The Temple at Gobekli Tepe

In Turkey, there is an empty, uninhabited region overlooked by a ridge of mountains. On a hill at the base of those mountains is a temple unique in human history.

Gobekli Tepe is a series of temples, built on top of each other over time. The oldest layer of temples is more than 11,000 years old. Do you understand how old that is?

That's not just seven thousand years older than the Pyramids. Five thousand years older than the first cities in the fertile crescent. It's a thousand years before agriculture. The builders were nomads, living off of herds and foraging.

It's before writing. So the whole thing was built by people whose knowledge had to be learned entirely in their lifetime and committed to memory. Can you imagine building a house with a group of people, when there aren't any diagrams or written instructions on length or weight? And the project took more than just your lifetimes? (Okay, maybe there were measured lengths of rope or something, but still.)
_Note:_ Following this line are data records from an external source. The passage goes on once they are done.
text \<open>The rates \<open>Ginf\<close> are reversible with respect to \<open>mubar\<close>, so \<open>J(\<nu>)\<close> is the Dirichlet
form of \<open>sqrt (\<nu> / mubar)\<close>; in particular \<open>J \<ge> 0\<close> and \<open>J(mubar) = 0\<close>, while the cost of
\<open>mubar\<close> is exactly \<open>\<lambda>/K!\<close> because \<open>\<rho>(x\<^sup>\<sigma>)\<close> sums to one over \<open>\<sigma>\<close>. As \<open>\<rho>\<close> is not constant,
some state \<open>z\<close> has \<open>\<rho>(z) \<noteq> 1/K!\<close>. Perturbing \<open>mubar\<close> to \<open>\<nu> \<propto> (1 + t 1\<^sub>z)\<^sup>2 mubar\<close> changes
\<open>J\<close> only at second order in \<open>t\<close> but the cost at first order, with slope
\<open>2\<lambda>(\<rho>(z) - 1/K!) mubar(z) \<noteq> 0\<close>, so a small \<open>t\<close> of the right sign gives a value below \<open>\<lambda>/K!\<close>.\<close>

definition dirichlet_form :: "'a set \<Rightarrow> ('a \<Rightarrow> 'a \<Rightarrow> real) \<Rightarrow> ('a \<Rightarrow> real) \<Rightarrow> ('a \<Rightarrow> real) \<Rightarrow> real"
  where "dirichlet_form A R w g = (\<Sum>x\<in>A. \<Sum>y\<in>A - {x}. (g x - g y)\<^sup>2 * R x y * w x) / 2"

lemma quadratic_form_eq_dirichlet_form:
  fixes R :: "'a \<Rightarrow> 'a \<Rightarrow> real"
  assumes A: "finite A" and balance: "\<And>x y. w x * R x y = w y * R y x"
  shows "(\<Sum>x\<in>A. (\<Sum>y\<in>A - {x}. R x y) * (g x)\<^sup>2 * w x)
           - (\<Sum>x\<in>A. \<Sum>y\<in>A - {x}. g x * g y * R x y * w x)
         = dirichlet_form A R w g"
proof -
  have off_diag: "A - {x} = {y. y \<in> A \<and> x \<noteq> y}" for x by auto
  have "(\<Sum>x\<in>A. \<Sum>y\<in>A - {x}. (g y)\<^sup>2 * R x y * w x) = (\<Sum>x\<in>A. \<Sum>y\<in>A - {x}. (g y)\<^sup>2 * R y x * w y)"
    by (simp add: balance mult.assoc mult.commute[of "R _ _" "w _"])
  also have "\<dots> = (\<Sum>y\<in>A. \<Sum>x\<in>A - {y}. (g y)\<^sup>2 * R y x * w y)"
    unfolding off_diag by (subst sum.swap_restrict[OF A A]) (auto intro!: sum.cong)
  also have "\<dots> = (\<Sum>x\<in>A. (\<Sum>y\<in>A - {x}. R x y) * (g x)\<^sup>2 * w x)"
    by (simp add: sum_distrib_left sum_distrib_right mult_ac)
  finally have swap: "(\<Sum>x\<in>A. \<Sum>y\<in>A - {x}. (g y)\<^sup>2 * R x y * w x)
      = (\<Sum>x\<in>A. (\<Sum>y\<in>A - {x}. R x y) * (g x)\<^sup>2 * w x)" .
  have "(\<Sum>x\<in>A. \<Sum>y\<in>A - {x}. (g x - g y)\<^sup>2 * R x y * w x)
      = (\<Sum>x\<in>A. (\<Sum>y\<in>A - {x}. R x y) * (g x)\<^sup>2 * w x)
        - 2 * (\<Sum>x\<in>A. \<Sum>y\<in>A - {x}. g x * g y * R x y * w x)
        + (\<Sum>x\<in>A. \<Sum>y\<in>A - {x}. (g y)\<^sup>2 * R x y * w x)"
    by (simp add: power2_diff algebra_simps sum.distrib sum_subtractf sum_distrib_left
        sum_distrib_right)
  then show ?thesis
    unfolding dirichlet_form_def swap by simp
qed

lemma dirichlet_form_nonneg:
  assumes "\<And>x y. x \<in> A \<Longrightarrow> y \<in> A \<Longrightarrow> x \<noteq> y \<Longrightarrow> R x y \<ge> 0" and "\<And>x. x \<in> A \<Longrightarrow> w x \<ge> 0"
  shows "dirichlet_form A R w g \<ge> 0"
  unfolding dirichlet_form_def using assms by (auto intro!: sum_nonneg mult_nonneg_nonneg)

lemma dirichlet_form_scale:
  "dirichlet_form A R w (\<lambda>x. c * g x) = c\<^sup>2 * dirichlet_form A R w g"
  unfolding dirichlet_form_def
  by (simp add: sum_distrib_left power2_eq_square algebra_simps)

lemma dirichlet_form_bump:
  fixes R :: "'a \<Rightarrow> 'a \<Rightarrow> real"
  assumes A: "finite A" and z: "z \<in> A" and balance: "\<And>x y. w x * R x y = w y * R y x"
  shows "dirichlet_form A R w (\<lambda>x. if x = z then s else 1) = (s - 1)\<^sup>2 * (\<Sum>y\<in>A - {z}. R z y) * w z"
proof -
  let ?f = "\<lambda>x. if x = z then s else 1"
  have from_z: "(\<Sum>y\<in>A - {z}. (?f z - ?f y)\<^sup>2 * R z y * w z) = (s - 1)\<^sup>2 * (\<Sum>y\<in>A - {z}. R z y) * w z"
    by (simp add: sum_distrib_left sum_distrib_right mult_ac)
  have into_z: "(\<Sum>y\<in>A - {x}. (?f x - ?f y)\<^sup>2 * R x y * w x) = (s - 1)\<^sup>2 * R z x * w z"
    if x: "x \<in> A - {z}" for x
  proof -
    have "(\<Sum>y\<in>A - {x}. (?f x - ?f y)\<^sup>2 * R x y * w x)
        = (\<Sum>y\<in>A - {x}. if y = z then (s - 1)\<^sup>2 * R z x * w z else 0)"
      using x balance[of x z] by (intro sum.cong) (auto simp: power2_commute mult_ac)
    then show ?thesis using A x z by auto
  qed
  have "(\<Sum>x\<in>A. \<Sum>y\<in>A - {x}. (?f x - ?f y)\<^sup>2 * R x y * w x)
      = (s - 1)\<^sup>2 * (\<Sum>y\<in>A - {z}. R z y) * w z + (\<Sum>x\<in>A - {z}. (s - 1)\<^sup>2 * R z x * w z)"
    by (simp only: sum.remove[OF A z] from_z sum.cong[OF refl into_z])
  also have "\<dots> = 2 * ((s - 1)\<^sup>2 * (\<Sum>y\<in>A - {z}. R z y) * w z)"
    by (simp add: sum_distrib_left sum_distrib_right mult_ac)
  finally show ?thesis
    unfolding dirichlet_form_def by simp
qed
So it existed almost alone on Earth, with no large permanent human settlements. Not in the middle of a city, or even near one, or at a time when our concept of "cities" even existed. There are barely signs that people even lived at the site. It indicates humans who used it lived in nomadic villages nearby and it stood mostly empty. It was unimaginably unique at the time.

We only think it was a temple because it was full of larger-than-life statues of humans and dozens of different animals. The concept of a bigger-than-life statue indicates respect and reverence, when it was believed that humans weren't sophisticated enough at the time to see themselves as gods, or worthy of worship.

We know that Gobekli Tepe was in continuous use for more than three thousand years, and then buried. Not in an avalanche, not in a fire or storm. By hand. The entire f**king complex was buried by hand. We know from the striations of earth that it was carried in from the land around and dumped. And it wasn't destroyed first, the building was intact.

Only 5% has been excavated. It's been picked at for decades because of competing claims on archeological rights. Who knows what else is in there.